2. The liquid crystal display device according to claim 1, wherein the pixel electrode has a planar shape which is almost symmetrical about a bisector of the first source line and the second source line.

3. The liquid crystal display device according to claim 1, wherein the distance between a first wiring and an end portion of the pixel electrode on the first wiring side is approximately the same as that between a second wiring and an end portion of the pixel electrode on the second wiring side.

4. The liquid crystal display device according to claim 1,

wherein a plurality of capacitor lines is provided in a same layer as the plurality of gate lines, and

wherein in each of the pixels, a capacitance value of the capacitor including one of the capacitor lines is smaller than or equal to 30 fF.

5. The liquid crystal display device according to claim 1, wherein 300 or more of the gate lines and 300 or more of the source lines are provided in each inch.

6. The liquid crystal display device according to claim 1, wherein the oxide semiconductor has a wider band gap and a lower intrinsic carrier density than silicon.

7. A liquid crystal display device comprising:

a plurality of gate lines extending in a row direction;

a plurality of source lines having an S-shaped curve; and

a plurality of pixels which is electrically connected to the plurality of gate lines and the plurality of source lines and is provided in a matrix,

wherein the plurality of pixels comprises: a transistor which is electrically connected to a first gate line and a first source line and includes an oxide semiconductor; and a pixel electrode electrically connected to the transistor,

wherein a channel length direction of the transistor are provided parallel to the low direction,

wherein a difference between a capacitance value of capacitance formed between the pixel electrode and the first source line and a capacitance value of capacitance formed between the pixel electrode and the second source line is greater than or equal to −10% and smaller than or equal to 10%.

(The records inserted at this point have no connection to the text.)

lemma power_card_eq_1:
  fixes H :: "'a::field set"
  assumes "finite H" and "0 \<notin> H" and mult: "\<And>x y. x \<in> H \<Longrightarrow> y \<in> H \<Longrightarrow> x * y \<in> H"
    and h: "h \<in> H"
  shows "h ^ card H = 1"
proof -
  have inj: "inj_on ((*) h) H"
    using h \<open>0 \<notin> H\<close> by (auto simp: inj_on_def)
  have "(*) h ` H = H"
    using card_image[OF inj] mult h \<open>finite H\<close> by (intro card_subset_eq) auto
  hence "\<Prod>H = (\<Prod>x\<in>H. h * x)"
    using prod.reindex[OF inj, of id] by simp
  also have "\<dots> = h ^ card H * \<Prod>H"
    by (simp add: prod.distrib)
  finally show ?thesis
    using \<open>finite H\<close> \<open>0 \<notin> H\<close> by auto
qed

lemma card_quadratic_roots_le_2:
  fixes A B C :: "'a::field"
  assumes "A \<noteq> 0"
  shows "card {h. A * h\<^sup>2 + B * h + C = 0} \<le> 2"
proof -
  have "card {h. poly [:C, B, A:] h = 0} \<le> degree [:C, B, A:]"
    by (rule card_poly_roots_bound) (use assms in auto)
  moreover have "{h. poly [:C, B, A:] h = 0} = {h. A * h\<^sup>2 + B * h + C = 0}"
    by (auto simp: algebra_simps power2_eq_square)
  ultimately show ?thesis
    using assms by simp
qed

lemma card_roots_of_unity_le:
  assumes "t > 0"
  shows "card {w :: 'a::field. w ^ t = 1} \<le> t"
proof -
  let ?P = "monom (1::'a) t + [:-1:]"
  have degree: "degree ?P = t"
    using assms by (subst degree_add_eq_left) (auto simp: degree_monom_eq)
  hence "?P \<noteq> 0"
    using assms by auto
  hence "card {w. poly ?P w = 0} \<le> t"
    using card_poly_roots_bound degree by metis
  thus ?thesis
    by (simp add: poly_monom)
qed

8. The liquid crystal display device according to claim 7, wherein the pixel electrode has a planar shape which is almost symmetrical about a bisector of the first source line and the second source line.

9. The liquid crystal display device according to claim 7, wherein the distance between a first wiring and an end portion of the pixel electrode on the first wiring side is approximately the same as that between a second wiring and an end portion of the pixel electrode on the second wiring side.

10. The liquid crystal display device according to claim 7,

wherein a plurality of capacitor lines is provided in a same layer as the plurality of gate lines, and

wherein in each of the pixels, a capacitance value of the capacitor including one of the capacitor lines is smaller than or equal to 30 fF.

11. The liquid crystal display device according to claim 7, wherein 300 or more of the gate lines and 300 or more of the source lines are provided in each inch.

12. The liquid crystal display device according to claim 7, wherein the oxide semiconductor has a wider band gap and a lower intrinsic carrier density than silicon.